Work item:
Copy exactly the lines of the data below that run from the line holding "text \<open>Word hyperbolic: the" through the line holding "gromov_product G S w x z", both ends included.

Record excerpts section start

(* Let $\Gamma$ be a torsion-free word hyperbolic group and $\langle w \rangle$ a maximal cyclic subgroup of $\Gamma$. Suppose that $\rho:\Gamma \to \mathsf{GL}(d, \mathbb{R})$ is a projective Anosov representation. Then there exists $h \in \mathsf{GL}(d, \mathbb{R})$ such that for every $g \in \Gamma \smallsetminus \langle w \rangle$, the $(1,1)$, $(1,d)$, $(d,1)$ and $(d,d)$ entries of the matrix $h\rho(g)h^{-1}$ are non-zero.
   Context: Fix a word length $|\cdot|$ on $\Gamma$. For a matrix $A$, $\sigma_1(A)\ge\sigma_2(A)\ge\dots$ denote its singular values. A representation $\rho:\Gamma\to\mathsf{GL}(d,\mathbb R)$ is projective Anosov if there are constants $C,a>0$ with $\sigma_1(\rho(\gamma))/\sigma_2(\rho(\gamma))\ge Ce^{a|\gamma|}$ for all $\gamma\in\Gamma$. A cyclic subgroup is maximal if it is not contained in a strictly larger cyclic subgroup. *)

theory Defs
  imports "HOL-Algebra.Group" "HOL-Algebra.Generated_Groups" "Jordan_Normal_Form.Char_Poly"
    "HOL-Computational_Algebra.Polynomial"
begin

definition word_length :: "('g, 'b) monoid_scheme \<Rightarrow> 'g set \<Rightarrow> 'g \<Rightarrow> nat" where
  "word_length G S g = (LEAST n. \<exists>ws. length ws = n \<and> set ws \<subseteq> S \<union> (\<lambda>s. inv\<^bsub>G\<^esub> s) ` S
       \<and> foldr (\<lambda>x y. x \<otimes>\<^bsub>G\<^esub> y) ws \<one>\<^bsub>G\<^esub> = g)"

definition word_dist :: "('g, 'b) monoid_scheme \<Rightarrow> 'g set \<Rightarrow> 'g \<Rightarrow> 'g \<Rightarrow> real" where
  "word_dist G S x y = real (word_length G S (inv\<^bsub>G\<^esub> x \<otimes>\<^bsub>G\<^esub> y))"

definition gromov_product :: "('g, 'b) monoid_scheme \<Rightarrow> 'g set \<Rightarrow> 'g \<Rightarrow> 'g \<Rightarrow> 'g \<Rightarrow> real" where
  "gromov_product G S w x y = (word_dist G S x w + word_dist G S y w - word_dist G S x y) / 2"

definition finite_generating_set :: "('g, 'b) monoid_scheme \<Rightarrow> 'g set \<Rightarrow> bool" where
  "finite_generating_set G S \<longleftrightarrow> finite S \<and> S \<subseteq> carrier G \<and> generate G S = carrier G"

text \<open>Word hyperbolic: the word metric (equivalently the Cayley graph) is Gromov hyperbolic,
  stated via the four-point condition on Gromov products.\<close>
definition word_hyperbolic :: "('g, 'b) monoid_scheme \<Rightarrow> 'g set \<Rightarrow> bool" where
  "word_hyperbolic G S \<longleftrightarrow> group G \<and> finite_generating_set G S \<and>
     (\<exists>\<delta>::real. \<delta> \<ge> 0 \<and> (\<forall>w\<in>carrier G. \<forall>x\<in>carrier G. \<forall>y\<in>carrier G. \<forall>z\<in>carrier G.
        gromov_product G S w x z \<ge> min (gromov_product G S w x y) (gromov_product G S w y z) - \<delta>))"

Record excerpts section end
Record excerpts section start

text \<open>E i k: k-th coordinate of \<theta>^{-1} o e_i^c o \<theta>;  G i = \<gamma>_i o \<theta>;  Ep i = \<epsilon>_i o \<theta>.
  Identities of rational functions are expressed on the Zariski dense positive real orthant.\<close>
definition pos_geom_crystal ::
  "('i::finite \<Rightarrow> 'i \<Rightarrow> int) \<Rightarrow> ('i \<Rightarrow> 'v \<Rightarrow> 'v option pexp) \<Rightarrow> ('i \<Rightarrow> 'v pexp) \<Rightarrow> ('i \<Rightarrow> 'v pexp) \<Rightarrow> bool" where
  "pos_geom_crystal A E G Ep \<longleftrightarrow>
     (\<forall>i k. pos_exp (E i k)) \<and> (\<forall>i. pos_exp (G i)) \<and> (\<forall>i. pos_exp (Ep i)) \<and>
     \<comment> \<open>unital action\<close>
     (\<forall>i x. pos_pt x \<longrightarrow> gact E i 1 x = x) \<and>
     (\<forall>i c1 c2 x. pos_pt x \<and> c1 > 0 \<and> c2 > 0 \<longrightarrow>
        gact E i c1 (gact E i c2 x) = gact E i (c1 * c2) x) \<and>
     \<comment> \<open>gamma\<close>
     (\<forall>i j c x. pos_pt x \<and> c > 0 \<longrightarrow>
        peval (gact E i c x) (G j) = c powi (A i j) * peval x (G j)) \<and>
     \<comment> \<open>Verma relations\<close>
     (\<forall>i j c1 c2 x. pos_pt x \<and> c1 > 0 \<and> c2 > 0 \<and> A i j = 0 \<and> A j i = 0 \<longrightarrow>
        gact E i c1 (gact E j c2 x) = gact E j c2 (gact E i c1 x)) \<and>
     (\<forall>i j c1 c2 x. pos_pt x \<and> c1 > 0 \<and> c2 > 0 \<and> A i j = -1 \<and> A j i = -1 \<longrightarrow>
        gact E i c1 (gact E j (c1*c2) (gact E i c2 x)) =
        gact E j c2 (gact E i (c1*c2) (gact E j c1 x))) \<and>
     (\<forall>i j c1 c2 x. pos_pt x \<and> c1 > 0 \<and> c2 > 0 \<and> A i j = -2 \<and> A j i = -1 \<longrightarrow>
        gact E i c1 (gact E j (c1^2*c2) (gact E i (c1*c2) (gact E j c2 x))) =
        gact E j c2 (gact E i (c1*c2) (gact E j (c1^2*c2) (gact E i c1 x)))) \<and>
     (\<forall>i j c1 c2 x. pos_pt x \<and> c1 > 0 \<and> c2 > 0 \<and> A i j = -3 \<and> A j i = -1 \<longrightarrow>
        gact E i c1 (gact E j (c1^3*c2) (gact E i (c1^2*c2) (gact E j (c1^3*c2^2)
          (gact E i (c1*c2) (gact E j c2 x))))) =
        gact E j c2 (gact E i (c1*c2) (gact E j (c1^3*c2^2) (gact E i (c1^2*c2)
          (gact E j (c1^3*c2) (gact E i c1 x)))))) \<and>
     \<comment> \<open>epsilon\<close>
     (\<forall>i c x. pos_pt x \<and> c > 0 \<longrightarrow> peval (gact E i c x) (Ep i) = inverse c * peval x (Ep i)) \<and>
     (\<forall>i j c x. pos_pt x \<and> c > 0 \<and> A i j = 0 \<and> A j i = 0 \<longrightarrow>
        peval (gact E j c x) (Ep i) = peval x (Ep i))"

Record excerpts section end

Your response:
text \<open>Word hyperbolic: the word metric (equivalently the Cayley graph) is Gromov hyperbolic,
  stated via the four-point condition on Gromov products.\<close>
definition word_hyperbolic :: "('g, 'b) monoid_scheme \<Rightarrow> 'g set \<Rightarrow> bool" where
  "word_hyperbolic G S \<longleftrightarrow> group G \<and> finite_generating_set G S \<and>
     (\<exists>\<delta>::real. \<delta> \<ge> 0 \<and> (\<forall>w\<in>carrier G. \<forall>x\<in>carrier G. \<forall>y\<in>carrier G. \<forall>z\<in>carrier G.
        gromov_product G S w x z \<ge> min (gromov_product G S w x y) (gromov_product G S w y z) - \<delta>))"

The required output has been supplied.